В сердце каждого, кто был в сражении, бушевала необыкновенная радость. Кияне и полочане, поганцы и варяги-находники ликовали, что взяли верх в лютой сече. Раненые тянули к князю руки, тоже кричали здравицу. Только мертвые смотрели в небо молча, и уже черная муха небытия садилась на их бледные щеки.
Всеслав вместе с сыновьями въехал на курган, где лежал идол, широко махнул мечом, поклонился в пояс войску:
— Спасибо вам, отважные вои. Слава вам за мужество ваше. Глянем на тех, кто уже не поднимется из тлена, и скажем: идите с миром к дедам-прадедам, расскажите им, что наша земля живет, что есть у нас грозный меч и сильное плечо. Живые, хороните мертвых. И еще вот что я хочу сказать. Я — кривичский князь, полоцкий князь, У нас, кривичей, есть такой обычай — за врагом, который бесславно убегает из нашей земли, мы посылаем погоню, чтобы лютый зверь не дополз до своей норы.
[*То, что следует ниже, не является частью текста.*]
(* Let $1\le q\le\infty$, $s\in\mathbb R$. For $N\ge2$ and $R>0$ let $\phi_{0,N}$ on $\mathbb R$ be defined by $\mathcal F\phi_{0,N}=R\chi_{I_N}$, $I_N=[-N-1,-N+1]\cup[N-1,N+1]$. Then there exist $T_0>0$, $N_0\ge2$ and $c>0$ such that for all $N\ge N_0$, $R>0$ and $0<T\le T_0$, $$\|U_2[\phi_{0,N}](T)\|_{W^{2,q}_s}\ \ge\ \big\|\,\|\square_nU_2[\phi_{0,N}](T)(x)\langle n\rangle^s\|_{\ell^q(n=1)}\big\|_{L^2_x}\ \ge\ c\,R^2T,$$ where $\|a_n\|_{\ell^q(n=1)}=|a_1|$.
   Context: On $\mathbb R$: $\mathcal F$ the Fourier transform, $\langle n\rangle=(1+|n|^2)^{1/2}$. $\square_n=\mathcal F^{-1}\sigma_n\mathcal F$, $\sigma_n=\rho_n/\sum_{\ell\in\mathbb Z}\rho_\ell$, $\rho_n(\xi)=\rho(\xi-n)$, with $\rho\in\mathcal S(\mathbb R)$, $0\le\rho\le1$, $\rho=1$ for $|\xi|\le\frac12$, $\rho=0$ for $|\xi|\ge1$; $\|f\|_{W^{p,q}_s}=\big\|\,\|\square_nf(x)\langle n\rangle^s\|_{\ell^q_n(\mathbb Z)}\big\|_{L^p_x(\mathbb R)}$. With $\varphi(\xi)=\xi/(1+\xi^2)$, $U(t)=\mathcal F^{-1}e^{it\varphi(\xi)}\mathcal F$, $\mathcal N(u,v)(t)=\int_0^tU(t-\tau)\varphi(D_x)(uv)(\tau)\,d\tau$, the second Picard iterate is $U_2[u_0](t)=-\frac i2\mathcal N(U(\cdot)u_0,U(\cdot)u_0)(t)$. *)

theory Defs
  imports "HOL-Analysis.Analysis"
begin

definition schwartz :: "(real \<Rightarrow> real) \<Rightarrow> bool" where
  "schwartz f \<longleftrightarrow>
     (\<forall>j x. (deriv ^^ j) f differentiable (at x)) \<and>
     (\<forall>j k. bounded (range (\<lambda>x. x ^ k * (deriv ^^ j) f x)))"

definition admissible_rho :: "(real \<Rightarrow> real) \<Rightarrow> bool" where
  "admissible_rho \<rho> \<longleftrightarrow> schwartz \<rho> \<and> (\<forall>x. 0 \<le> \<rho> x \<and> \<rho> x \<le> 1)
     \<and> (\<forall>x. \<bar>x\<bar> \<le> 1/2 \<longrightarrow> \<rho> x = 1) \<and> (\<forall>x. \<bar>x\<bar> \<ge> 1 \<longrightarrow> \<rho> x = 0)"

text \<open>Fourier transform and its inverse (convention: F f(xi) = int f(x) e^{-i x xi} dx),
  defined as limits of integrals over [-R,R] so that they also make sense for
  L^2-type functions such as phi_{0,N}; for integrable functions this is the usual integral.\<close>
definition fourier :: "(real \<Rightarrow> complex) \<Rightarrow> real \<Rightarrow> complex" where
  "fourier f \<xi> = Lim at_top (\<lambda>R::real. LINT x:{-R..R}|lborel. f x * cis (- (x * \<xi>)))"

definition ifourier :: "(real \<Rightarrow> complex) \<Rightarrow> real \<Rightarrow> complex" where
  "ifourier g x = Lim at_top (\<lambda>R::real. LINT \<xi>:{-R..R}|lborel. g \<xi> * cis (x * \<xi>)) / (2 * pi)"

definition fmult :: "(real \<Rightarrow> complex) \<Rightarrow> (real \<Rightarrow> complex) \<Rightarrow> real \<Rightarrow> complex" where
  "fmult m f = ifourier (\<lambda>\<xi>. m \<xi> * fourier f \<xi>)"

definition japan :: "int \<Rightarrow> real" where
  "japan n = sqrt (1 + (real_of_int n)\<^sup>2)"

definition sigma :: "(real \<Rightarrow> real) \<Rightarrow> int \<Rightarrow> real \<Rightarrow> real" where
  "sigma \<rho> n \<xi> = \<rho> (\<xi> - of_int n) / infsum (\<lambda>l::int. \<rho> (\<xi> - of_int l)) UNIV"

definition box :: "(real \<Rightarrow> real) \<Rightarrow> int \<Rightarrow> (real \<Rightarrow> complex) \<Rightarrow> real \<Rightarrow> complex" where
  "box \<rho> n f = fmult (\<lambda>\<xi>. complex_of_real (sigma \<rho> n \<xi>)) f"

definition epowr :: "ennreal \<Rightarrow> real \<Rightarrow> ennreal" where
  "epowr x a = (if x = \<infinity> then \<infinity> else ennreal (enn2real x powr a))"

definition lq_norm :: "ennreal \<Rightarrow> (int \<Rightarrow> real) \<Rightarrow> ennreal" where
  "lq_norm q a = (if q = \<infinity> then (SUP n. ennreal \<bar>a n\<bar>)
     else epowr (\<Sum>\<^sub>\<infinity> n. ennreal (\<bar>a n\<bar> powr enn2real q)) (1 / enn2real q))"

definition Lp_norm :: "real \<Rightarrow> (real \<Rightarrow> ennreal) \<Rightarrow> ennreal" where
  "Lp_norm p g = epowr (\<integral>\<^sup>+ x. epowr (g x) p \<partial>lborel) (1 / p)"

definition W_norm :: "(real \<Rightarrow> real) \<Rightarrow> real \<Rightarrow> ennreal \<Rightarrow> real \<Rightarrow> (real \<Rightarrow> complex) \<Rightarrow> ennreal" where
  "W_norm \<rho> p q s f = Lp_norm p (\<lambda>x. lq_norm q (\<lambda>n. cmod (box \<rho> n f x) * japan n powr s))"

definition dispersion :: "real \<Rightarrow> real" where
  "dispersion \<xi> = \<xi> / (1 + \<xi>\<^sup>2)"

definition U :: "real \<Rightarrow> (real \<Rightarrow> complex) \<Rightarrow> real \<Rightarrow> complex" where
  "U t f = fmult (\<lambda>\<xi>. cis (t * dispersion \<xi>)) f"

definition phiD :: "(real \<Rightarrow> complex) \<Rightarrow> real \<Rightarrow> complex" where
  "phiD f = fmult (\<lambda>\<xi>. complex_of_real (dispersion \<xi>)) f"

definition duhamel :: "(real \<Rightarrow> real \<Rightarrow> complex) \<Rightarrow> (real \<Rightarrow> real \<Rightarrow> complex) \<Rightarrow> real \<Rightarrow> real \<Rightarrow> complex" where
  "duhamel u v t x = (LINT \<tau>:{0..t}|lborel. U (t - \<tau>) (phiD (\<lambda>y. u \<tau> y * v \<tau> y)) x)"

definition U2 :: "(real \<Rightarrow> complex) \<Rightarrow> real \<Rightarrow> real \<Rightarrow> complex" where
  "U2 u0 t = (\<lambda>x. - (\<i> / 2) * duhamel (\<lambda>\<tau>. U \<tau> u0) (\<lambda>\<tau>. U \<tau> u0) t x)"

definition I_N :: "real \<Rightarrow> real set" where
  "I_N N = {-N-1..-N+1} \<union> {N-1..N+1}"

definition phi0 :: "real \<Rightarrow> real \<Rightarrow> real \<Rightarrow> complex" where
  "phi0 N R = ifourier (\<lambda>\<xi>. complex_of_real (R * indicator (I_N N) \<xi>))"

end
Пока не остыли наши мечи, пока жаждет битвы рука — в погоню!
Он поднял на дыбы коня.
— В погоню! — крикнули все, кто слышал князя, и ударили в щиты.
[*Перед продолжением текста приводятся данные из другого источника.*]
text \<open>Conjugating by an elementary matrix turns the lower left entry into \<open>q(a)\<close> for a quadratic
  \<open>q\<close> with leading coefficient \<open>-M\<^sub>0\<^sub>1\<close>; as \<open>F\<close> is infinite, some \<open>a\<close> is not a root.\<close>

lemma has_pattern_factorization_2x2_upper_right:
  fixes M :: "'a::field mat"
  assumes inf: "infinite (UNIV :: 'a set)" and d: "d \<noteq> 0" and M: "M \<in> carrier_mat 2 2"
    and b: "M $$ (0,1) \<noteq> 0"
  shows "has_pattern_factorization d 2 M"
proof -
  let ?q = "[:M $$ (1,0), M $$ (1,1) - M $$ (0,0), - M $$ (0,1):]"
  have "?q \<noteq> 0"
    using b by simp
  then obtain a where a: "poly ?q a \<noteq> 0"
    using poly_nonroot_exists[OF inf] by blast
  let ?M' = "add_col_sub_row a 1 0 M"
  have "?M' \<in> carrier_mat 2 2" and "?M' $$ (0,1) = M $$ (0,1)" and "?M' $$ (1,0) = poly ?q a"
    using M by (simp_all add: algebra_simps)
  then have "has_pattern_factorization d 2 ?M'"
    using b a by (intro has_pattern_factorization_2x2_off_diag[OF d]) auto
  moreover have "similar_mat M ?M'"
    using add_col_sub_row_similar[OF M, of 1 0 a] by (simp add: similar_mat_sym)
  ultimately show ?thesis
    by (rule has_pattern_factorization_similar)
qed

lemma has_pattern_factorization_2x2:
  fixes M :: "'a::field mat"
  assumes inf: "infinite (UNIV :: 'a set)" and d: "d \<noteq> 0" and M: "M \<in> carrier_mat 2 2"
  shows "has_pattern_factorization d 2 M"
proof -
  consider "M $$ (0,1) \<noteq> 0" | "M $$ (1,0) \<noteq> 0" | "M $$ (0,1) = 0" "M $$ (1,0) = 0"
    by blast
  then show ?thesis
  proof cases
    case 1
    then show ?thesis
      by (rule has_pattern_factorization_2x2_upper_right[OF inf d M])
  next
    case 2
    let ?M' = "swap_cols_rows 0 1 M"
    have "?M' \<in> carrier_mat 2 2" and "?M' $$ (0,1) \<noteq> 0"
      using M 2 by simp_all
    then have "has_pattern_factorization d 2 ?M'"
      by (rule has_pattern_factorization_2x2_upper_right[OF inf d])
    moreover have "similar_mat M ?M'"
      using swap_cols_rows_similar[OF M, of 0 1] by (simp add: similar_mat_sym)
    ultimately show ?thesis
      by (rule has_pattern_factorization_similar)
  next
    case 3
    have less_2: "i < 2 \<longleftrightarrow> i = 0 \<or> i = 1" for i :: nat
      by auto
    show ?thesis
      using 3 M by (intro has_pattern_factorization_diagonal) (auto simp: less_2)
  qed
qed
Князь первым пришпорил коня. Верховые помчались следом за ним.
— Ты спас меня, — сказал Беловолод, подходя к Люту и кладя ему руку на плечо.
— А ты меня, — улыбнулся Лют. — Помнишь, как ты свалил секирой степняка?
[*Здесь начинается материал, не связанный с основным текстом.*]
(* Let $m\ge 2$, $\alpha\in[0,1]$, $\pi$ a permutation of $E_{m-1}=\{1,\dots,m-1\}$ and $V_\alpha$ as defined below. Then $V_\alpha$ is ergodic: for every $\mathbf{x}\in S^{m-1}$ the limit $\lim_{n\to\infty}\frac1n\sum_{k=0}^{n-1}V_\alpha^k(\mathbf{x})$ exists.
   Context: $S^{m-1}=\{\mathbf{x}=(x_1,\dots,x_m)\in\mathbb{R}^m: x_i\ge 0,\ \sum_{i=1}^m x_i=1\}$. For $\alpha\in[0,1]$ the operator $V_\alpha\colon S^{m-1}\to S^{m-1}$ is $\mathbf{x}\mapsto\mathbf{x}'$ with $x'_k=2x_m(\alpha x_k+(1-\alpha)x_{\pi(k)})$ for $k=1,\dots,m-1$ and $x'_m=x_m^2+\big(\sum_{i=1}^{m-1}x_i\big)^2$; $V_\alpha^k$ is its $k$-fold iterate ($V_\alpha^0=\mathrm{Id}$). *)

theory Defs
  imports "HOL-Analysis.Analysis" "HOL-Combinatorics.Permutations"
begin

text \<open>Points of R^m are represented as functions nat => real, using coordinates 1..m.\<close>

definition std_simplex_S :: "nat \<Rightarrow> (nat \<Rightarrow> real) set" where
  "std_simplex_S m = {x. (\<forall>i\<in>{1..m}. x i \<ge> 0) \<and> (\<Sum>i=1..m. x i) = 1}"

definition V :: "nat \<Rightarrow> real \<Rightarrow> (nat \<Rightarrow> nat) \<Rightarrow> (nat \<Rightarrow> real) \<Rightarrow> (nat \<Rightarrow> real)" where
  "V m \<alpha> \<pi> x = (\<lambda>k.
     if 1 \<le> k \<and> k \<le> m - 1 then 2 * x m * (\<alpha> * x k + (1 - \<alpha>) * x (\<pi> k))
     else if k = m then (x m)\<^sup>2 + (\<Sum>i=1..m-1. x i)\<^sup>2
     else 0)"

end

theory Submission
  imports Defs "HOL-Combinatorics.Cycles"
begin

(* Write t = x_m and s = x_1 + ... + x_(m-1). One step of V maps (s, t) to (2 s t, s^2 + t^2),
   so s + t = 1 is preserved and u = t - 1/2 satisfies u' = 2 u^2; hence t converges
   (monotonically from the first step on).
   On the first m - 1 coordinates V is 2 t times the averaging operator
   A z = alpha z + (1 - alpha) (z o pi), so there V^n x = c_n A^n x with c_n = prod_(j<n) 2 t_j.
   Since A preserves the sum of these coordinates, c_n = s_n / s_0 = (1 - t_n) / s_0 converges.
   As pi has finite order, for alpha < 1 every z splits into a pi-invariant part and a coboundary
   w - A w, so the Cesaro means of A^n z converge. Finally, the Cesaro means of c_n a_n converge
   whenever c_n converges and a_n is bounded with convergent Cesaro means. *)

definition cesaro_mean :: "(nat \<Rightarrow> 'a::real_normed_vector) \<Rightarrow> nat \<Rightarrow> 'a" where
  "cesaro_mean f n = (1 / real n) *\<^sub>R (\<Sum>k<n. f k)"

lemma cesaro_mean_real: "cesaro_mean f = (\<lambda>n. (1 / real n) * (\<Sum>k<n. f k))"
  for f :: "nat \<Rightarrow> real"
  by (simp add: cesaro_mean_def fun_eq_iff)

lemma cesaro_mean_add: "cesaro_mean (\<lambda>k. f k + g k) n = cesaro_mean f n + cesaro_mean g n"
  by (simp add: cesaro_mean_def sum.distrib scaleR_add_right)

lemma cesaro_mean_scaleR: "cesaro_mean (\<lambda>k. c *\<^sub>R f k) n = c *\<^sub>R cesaro_mean f n"
  by (simp add: cesaro_mean_def scaleR_sum_right)

lemma cesaro_mean_const: "n > 0 \<Longrightarrow> cesaro_mean (\<lambda>k. c) n = c"
  by (simp add: cesaro_mean_def sum_constant_scaleR)

lemma cesaro_mean_tendsto_zero:
  assumes "f \<longlonglongrightarrow> 0"
  shows "cesaro_mean f \<longlonglongrightarrow> 0"
proof (rule tendstoI)
  fix \<epsilon> :: real assume "\<epsilon> > 0"
  then obtain M where M: "\<And>k. k \<ge> M \<Longrightarrow> norm (f k) < \<epsilon> / 2"
    using LIMSEQ_D[OF assms, of "\<epsilon> / 2"] by auto
  define C where "C = (\<Sum>k<M. norm (f k))"
  have "\<forall>\<^sub>F n in sequentially. C / real n < \<epsilon> / 2"
    using \<open>\<epsilon> > 0\<close> by (intro order_tendstoD(2)[OF lim_const_over_n]) simp
  moreover have "\<forall>\<^sub>F n in sequentially. n \<ge> M" and "\<forall>\<^sub>F n in sequentially. n > 0"
    by (simp_all add: eventually_ge_at_top eventually_gt_at_top)
  ultimately show "\<forall>\<^sub>F n in sequentially. dist (cesaro_mean f n) 0 < \<epsilon>"
  proof eventually_elim
    case (elim n)
    have split: "{..<n} = {..<M} \<union> {M..<n}"
      using elim by auto
    have "norm (\<Sum>k<n. f k) \<le> (\<Sum>k<n. norm (f k))"
      by (rule norm_sum)
    also have "\<dots> = C + (\<Sum>k\<in>{M..<n}. norm (f k))"
      unfolding C_def split by (rule sum.union_disjoint) auto
    also have "(\<Sum>k\<in>{M..<n}. norm (f k)) \<le> (\<Sum>k\<in>{M..<n}. \<epsilon> / 2)"
      using M by (intro sum_mono less_imp_le) auto
    also have "\<dots> \<le> real n * (\<epsilon> / 2)"
      using \<open>\<epsilon> > 0\<close> by simp
    finally have "norm (\<Sum>k<n. f k) / real n \<le> C / real n + \<epsilon> / 2"
      using elim by (simp add: field_simps)
    moreover have "norm (cesaro_mean f n) = norm (\<Sum>k<n. f k) / real n"
      by (simp add: cesaro_mean_def)
    ultimately show ?case
      using elim(1) by (simp only: dist_norm diff_zero)
  qed
qed

lemma cesaro_mean_tendsto:
  assumes "f \<longlonglongrightarrow> L"
  shows "cesaro_mean f \<longlonglongrightarrow> L"
proof -
  have "(\<lambda>n. cesaro_mean (\<lambda>k. f k - L) n + L) \<longlonglongrightarrow> 0 + L"
    using assms by (intro tendsto_add cesaro_mean_tendsto_zero tendsto_const) (simp add: LIM_zero)
  moreover have "\<forall>\<^sub>F n in sequentially. cesaro_mean (\<lambda>k. f k - L) n + L = cesaro_mean f n"
    using eventually_gt_at_top[of 0]
  proof eventually_elim
    case (elim n)
    then show ?case
      using cesaro_mean_add[of "\<lambda>k. f k - L" "\<lambda>k. L" n] cesaro_mean_const[of n L] by simp
  qed
  ultimately show ?thesis
    by (simp add: tendsto_cong)
qed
Собрали мертвых. Поганцы собирали своих, варяги и христиане — своих. Одной смертью умерли они, но разными дорогами должны были пойти туда, откуда не возвращаются. Своих воевода Белокрас приказал сложить на костер и сжечь. Христиане должны были отвезти мертвых в Киев, отпеть в Софии, а потом предать их плоть земле. Для варягов же гробом был челн, на котором по бурливым водам плавал каждый, кто был сыном далекой северной земли.
На кургане увидели идола. Кто-то из поганцев удивленно крикнул:
— Каменная баба!
Безголосо лежа на спине, идол смотрел в небо. В его взгляде застыла тоска. Набросили ему на шею веревку, потащили к воеводе. Белокрас долго молчал, разглядывая каменное изваяние, потом проговорил:
— Был он кумиром у степняков, но они не смогли защитить его. Отнесите камень в нашу пущу.
Пока Всеслав с конницей преследовал уходившего все дальше и дальше в степь Шарукана, остальные, по обычаю предков постояв день на поле сечи, «на костях», двинулись левобережьем домой. Денница горела над землей, утренняя заря, которую ромеи называют Авророй. Христиане и варяги везли своих погибших. У поганцев мертвых уже не было — дымом пошли в звездное небо.
Хмель победы, добытой общей кровью, сделал всех братьями. Хорошо было идти одной дорогой и чувствовать рядом мягкую человеческую душу. Беловолод видел, как радуется Лют. И все другие поганцы вели себя, как дети, — смеялись, много разговаривали, те, что помоложе, даже иногда схватывались друг с другом, вьюнами вертелись на траве и песке. Некоторые дули в свистульки, били в бубны, играли на дудках. Воевода и тот, казалось, смягчился и шагал впереди рати с улыбкой на розовом лице. Ветер развевал его длинные седые волосы, надувал рысью шкуру на плече. Повизгивали собаки.
Но чем глубже втягивались в обжитый земледельческий край, где издревле сидела Русь, где густо лепились вотчины киевских бояр, княжеских людей, тем больше черных ужей проползало между христианами и поганцами. Христиане подняли хоругви с изображением Христа, запели святые псалмы. Все смотрели на бледные суровые лица мертвых, которых они везли с собой, в изголовье каждого ставили свечку. У поганцев же мертвых в обозе не было, они думали, что их вообще у них не было, и это разъярило их, особенно женщин.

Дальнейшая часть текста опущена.